Merkel cell carcinoma (MCC) is a neuroendocrine skin cancer with a prognosis poorer than that of melanoma. In 2008, a polyomavirus (Merkel cell polyomavirus, MCPyV) was reported to be a likely causative agent for the majority of MCCs(Feng et al., 2008); this has subsequently been well established by multiple international groups(Becker et al.; Foulongne et al.; Garneski et al.). Most MCC tumors depend on persistent expression of viral T-antigen oncoproteins,(Houben et al.; Shuda et al.;Shuda et al.) that are targets for the cellular(Iyer et al.) and humoral immune system(Paulson et al.).
It has been well established that immune suppression is associated with increased risk of developing MCC. Indeed, immune suppressed persons make up approximately 10% of the MCC patient population (Heath et al.), and it is this link that led to the search for, and eventual discovery of, Merkel cell polyomavirus(Arora et al.). Multiple forms of systemic immune suppression have been linked with an increased incidence of MCC, including chronic lymphocytic leukemia (CLL) and other hematologic malignancies(Brewer et al.; Heath et al.), HIV/AIDS (particularly prior to the widespread adoption of effective antiretrovirals)(Engels et al.), solid organ transplant(Penn and First), and autoimmune disease (with associated treatment regimens)(Hemminki et al.).
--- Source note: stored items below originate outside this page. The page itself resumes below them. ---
lemma truncated_beam_directional_derivatives:
  fixes h :: "real^2 \<Rightarrow> real^2" and \<beta> :: complex
  assumes h: "\<And>x. (h has_derivative blinfun_apply (h' x)) (at x)"
    and h': "continuous_on UNIV h'"
    and supp: "\<And>y. r < norm y \<Longrightarrow> h y = 0" and "r < 1"
    and "norm u = 1" "norm v = 1"
    and rel: "\<And>x. x \<in> ball 0 1 \<Longrightarrow>
      complex_of_vec2 (truncated_beam h u x) = \<beta> * complex_of_vec2 (truncated_beam h v x)"
    and x: "x \<in> ball 0 1"
  obtains DG where "((\<lambda>x. complex_of_vec2 (truncated_beam h u x)) has_derivative DG) (at x)"
    and "DG u = - complex_of_vec2 (h x)" and "DG v = \<beta> * DG u"
proof -
  define DX where "DX w = blinfun_apply (integral {0..2} (\<lambda>t. h' (x + t *\<^sub>R w)))" for w
  have DX: "(truncated_beam h w has_derivative DX w) (at x)" for w
    unfolding DX_def by (rule has_derivative_truncated_beam[OF h h'])
  have along: "DX w w = - h x" if "norm w = 1" for w
  proof -
    have "h (x + 2 *\<^sub>R w) = 0"
      using x that \<open>r < 1\<close> by (intro supp norm_ray_gt) auto
    then show ?thesis
      by (simp add: DX_def truncated_beam_derivative_along[OF h h'])
  qed
  note complex_DX = bounded_linear.has_derivative[OF bounded_linear_complex_of_vec2 DX]
  have "((\<lambda>x. complex_of_vec2 (truncated_beam h u x)) has_derivative
          (\<lambda>y. \<beta> * complex_of_vec2 (DX v y))) (at x)"
    by (rule has_derivative_transform_within_open[OF has_derivative_mult_right[OF complex_DX]
          open_ball x]) (simp add: rel)
  then have "(\<lambda>y. complex_of_vec2 (DX u y)) = (\<lambda>y. \<beta> * complex_of_vec2 (DX v y))"
    by (rule has_derivative_unique[OF complex_DX])
  then have "complex_of_vec2 (DX u v) = \<beta> * complex_of_vec2 (DX u u)"
    using along \<open>norm u = 1\<close> \<open>norm v = 1\<close> by (metis complex_of_vec2_minus)
  then show ?thesis
    using that[OF complex_DX] along \<open>norm u = 1\<close> by (simp add: complex_of_vec2_minus)
qed

lemma truncated_beam_eq_0_on_disc:
  fixes h :: "real^2 \<Rightarrow> real^2" and \<beta> :: complex
  assumes h: "\<And>x. (h has_derivative blinfun_apply (h' x)) (at x)"
    and h': "continuous_on UNIV h'"
    and supp: "\<And>y. r < norm y \<Longrightarrow> h y = 0" and "0 \<le> r" "r < 1"
    and u: "norm u = 1" and v: "norm v = 1" and det: "u$1 * v$2 - u$2 * v$1 \<noteq> 0"
    and \<beta>: "Im \<beta> \<noteq> 0"
    and rel: "\<And>x. x \<in> ball 0 1 \<Longrightarrow>
      complex_of_vec2 (truncated_beam h u x) = \<beta> * complex_of_vec2 (truncated_beam h v x)"
    and x: "x \<in> ball 0 1"
  shows "truncated_beam h u x = 0"
proof -
  define q where "q = (1 / Im \<beta>) *\<^sub>R (v - Re \<beta> *\<^sub>R u)"
  have CR: "DG q = \<i> * DG u" if DG: "linear DG" and "DG v = \<beta> * DG u" for DG :: "real^2 \<Rightarrow> complex"
  proof -
    have "DG q = (1 / Im \<beta>) *\<^sub>R (DG v - Re \<beta> *\<^sub>R DG u)"
      by (simp add: q_def linear_scale[OF DG] linear_diff[OF DG])
    also have "\<dots> = \<i> * DG u"
      using \<open>DG v = \<beta> * DG u\<close> \<beta> by (simp add: complex_eq_iff field_simps)
    finally show ?thesis .
  qed
  define T where "T = ball 0 1 \<inter> {x. u \<bullet> x > r}"
  have det_q: "u$1 * q$2 - u$2 * q$1 \<noteq> 0"
    using det \<beta> by (simp add: q_def field_simps)
  have G_CR: "\<exists>DG. ((\<lambda>x. complex_of_vec2 (truncated_beam h u x)) has_derivative DG) (at x)
      \<and> DG q = \<i> * DG u" if x: "x \<in> ball 0 1" for x
  proof -
    obtain DG where "((\<lambda>x. complex_of_vec2 (truncated_beam h u x)) has_derivative DG) (at x)"
      and "DG v = \<beta> * DG u"
      using truncated_beam_directional_derivatives[OF h h' supp \<open>r < 1\<close> u v rel x] by blast
    then show ?thesis
      using CR has_derivative_linear by blast
  qed
  have "open T"
    by (simp add: T_def open_Int open_halfspace_gt)
  moreover have "T \<noteq> {}"
  proof -
    have "((1 + r) / 2) *\<^sub>R u \<in> T"
      using \<open>0 \<le> r\<close> \<open>r < 1\<close> u by (simp add: T_def dot_square_norm)
    then show ?thesis
      by blast
  qed
  moreover have "complex_of_vec2 (truncated_beam h u x) = 0" if "x \<in> T" for x
    using that truncated_beam_eq_0[OF supp u] by (simp add: T_def inner_commute)
  ultimately have "complex_of_vec2 (truncated_beam h u x) = 0"
    using cauchy_riemann_analytic_continuation[OF det_q open_ball convex_ball G_CR \<open>open T\<close> _
        \<open>T \<noteq> {}\<close> _ x]
    by (simp add: T_def)
  then show ?thesis
    by simp
qed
Conversely, and consistent with a role for anti-viral immune responses in protecting against MCC progression, CD8+ and CD3+ intratumoral lymphocyte responses have been found to be associated with improved MCC outcomes(Paulson et al.; Sihto et al.). In both of these studies, patients with robust lymphocyte infiltration into the tumor make up a minority of patients but exhibit outstanding MCC-specific survival.
One form of systemic immune suppression, CLL, has recently been associated with reduced MCC survival in a national cancer registry(Brewer et al.). However, to our knowledge, the effect of chronic immune suppression more broadly on MCC outcomes has not been examined. We hypothesized that systemic immune suppression would be associated with worsened MCC-specific survival in a stage-independent manner.
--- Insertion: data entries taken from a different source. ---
lemma ex_determining_set_project:
  assumes S': "determining_set M F S'"
  shows "\<exists>S. determining_set V E S \<and> card S + (card (isolated_copies t) - 1) \<le> card S'"
proof -
  let ?I = "isolated_copies t"
  let ?S = "{v. \<exists>s. Some (v, s) \<in> S' - ?I}"
  have IM: "?I \<subseteq> M"
    by (auto simp: isolated_copies_def)
  have fin: "finite S'" "finite ?I"
    using S' IM simple_graph_myc by (auto simp: simple_graph_def determining_set_def intro: finite_subset)
  have "card (?I - S') \<le> 1"
    by (rule card_isolated_diff_determining_set[OF simple_graph_myc S' IM])
      (auto simp: isolated_copies_def isolated_copy_iff)
  moreover have "card ?I = card (?I \<inter> S') + card (?I - S')"
    using fin by (simp add: card_Int_Diff)
  moreover have "?S \<subseteq> (\<lambda>x. fst (the x)) ` (S' - ?I)"
    by force
  then have "card ?S \<le> card (S' - ?I)"
    using fin by (meson card_image_le card_mono finite_Diff finite_imageI le_trans)
  moreover have "card (S' - ?I) = card S' - card (S' \<inter> ?I)" "card (S' \<inter> ?I) \<le> card S'"
    using fin by (simp_all add: card_Diff_subset_Int card_mono)
  ultimately have "card ?S + (card ?I - 1) \<le> card S'"
    by (simp add: Int_commute)
  with determining_set_project[OF S'] show ?thesis
    by blast
qed

end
Amongst 471 persons with Merkel cell carcinoma from the United States, a total of 41 (8.7%) had clinically recognized systemic immune suppression. Immune suppressed patients were similar to those without immune suppression in terms of age at diagnosis and stage of disease at presentation (Table 1), but differed in terms of gender distribution with immune suppressed persons more likely to be male (80% vs. 59%; p < 0.01). Multiple forms of systemic immune suppression were represented including CLL (n=16; 3% of MCC patient cohort), other hematologic malignancies (n=5; 1%), HIV/AIDS (n=5; 1%), and long-term immunosuppressive medication regimens used for autoimmune disease (n=3; 1%) or solid organ transplant (n=12; 3%).
A combined 1427 years of follow-up was available for the 471 patients with MCC (median 2.1 years). Persons with MCC and systemic immune suppression had worsened overall survival as compared to persons with MCC and no systemic immune suppression (hazard ratio 2.1; p < 0.01). 3 year overall survival was 33% in the immune suppressed group and 59% in the comparison group.
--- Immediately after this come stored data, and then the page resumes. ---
text \<open>Inverse function theorem for the mean map: near \<open>a\<^sub>0\<close> the log-fugacity \<open>vlog \<circ> Phi g\<close>
  inverts \<open>mean_vec\<close>, whose derivative \<open>Cov\<close> is invertible.\<close>

lemma gtilde_has_derivative:
  assumes pos: "\<And>i. 0 < a\<^sub>0 $ i" and int: "a\<^sub>0 \<in> interior (Phi_dom g)"
  defines "\<theta>\<^sub>0 \<equiv> vlog (Phi g a\<^sub>0)"
  obtains B where "Cov \<theta>\<^sub>0 ** B = mat 1" "B ** Cov \<theta>\<^sub>0 = mat 1"
    "\<And>i. (gtilde g i has_derivative (\<lambda>h. exp (\<theta>\<^sub>0 $ i) * (B *v h) $ i)) (at a\<^sub>0)"
proof -
  obtain r where r: "0 < r" "\<And>a. a \<in> ball a\<^sub>0 r \<Longrightarrow> a \<in> Phi_dom g \<and> (\<forall>i. 0 < a $ i)"
    using positive_ball_in_interior[OF int pos] by blast
  have a0: "finite_moments \<theta>\<^sub>0" "mean_vec \<theta>\<^sub>0 = a\<^sub>0"
    using log_fugacity r by (auto simp: \<theta>\<^sub>0_def)
  have reg: "\<theta>\<^sub>0 \<in> reg_dom"
    by (rule reg_dom_if_mean_covers_ball[OF a0(1) r(1)]) (use a0(2) r(2) log_fugacity in metis)
  obtain B where B: "Cov \<theta>\<^sub>0 ** B = mat 1" "B ** Cov \<theta>\<^sub>0 = mat 1"
    using Cov_invertible[OF reg] unfolding invertible_def by blast
  have "((\<lambda>a. vlog (Phi g a)) has_derivative (\<lambda>h. B *v h)) (at (mean_vec \<theta>\<^sub>0))"
  proof (rule has_derivative_inverse_strong[OF open_reg_dom reg continuous_on_mean_vec _
        mean_vec_has_derivative[OF reg]])
    show "vlog (Phi g (mean_vec \<theta>)) = \<theta>" if "\<theta> \<in> reg_dom" for \<theta>
      by (rule vlog_Phi_mean_vec[OF finite_moments_if_reg_dom[OF that]])
    show "(\<lambda>h. Cov \<theta>\<^sub>0 *v h) \<circ> (\<lambda>h. B *v h) = id"
      using B(1) by (simp add: fun_eq_iff matrix_vector_mul_assoc)
  qed
  then have dlog: "((\<lambda>a. vlog (Phi g a) $ i) has_derivative (\<lambda>h. (B *v h) $ i)) (at a\<^sub>0)" for i
    unfolding a0(2) by (rule bounded_linear.has_derivative[OF bounded_linear_vec_nth])
  have "(gtilde g i has_derivative (\<lambda>h. exp (\<theta>\<^sub>0 $ i) * (B *v h) $ i)) (at a\<^sub>0)" for i
  proof (rule has_derivative_transform_within_open[OF _ open_ball centre_in_ball[THEN iffD2, OF r(1)]])
    show "((\<lambda>a. exp (vlog (Phi g a) $ i)) has_derivative (\<lambda>h. exp (\<theta>\<^sub>0 $ i) * (B *v h) $ i)) (at a\<^sub>0)"
      using has_derivative_exp[OF dlog[of i]] by (simp add: \<theta>\<^sub>0_def mult.commute)
    show "exp (vlog (Phi g a) $ i) = gtilde g i a" if "a \<in> ball a\<^sub>0 r" for a
      using gtilde_Gamma_vexp(1) log_fugacity(1) r(2)[OF that] by metis
  qed
  then show ?thesis using that B by blast
qed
We hypothesized that persons with systemic immune suppression would have worsened Merkel cell carcinoma–specific survival as compared to persons without systemic immune suppression due to failed immune surveillance of the cancer. We also reasoned that the groups would very likely have different rates of non-MCC death. Therefore, in order to account for possible differences in the death rate from other causes between the two groups, we performed competing risk regression analysis where only deaths from MCC were considered to be events, and deaths from other causes (including non-MCC deaths related to the immune suppression process) were considered to be competing events.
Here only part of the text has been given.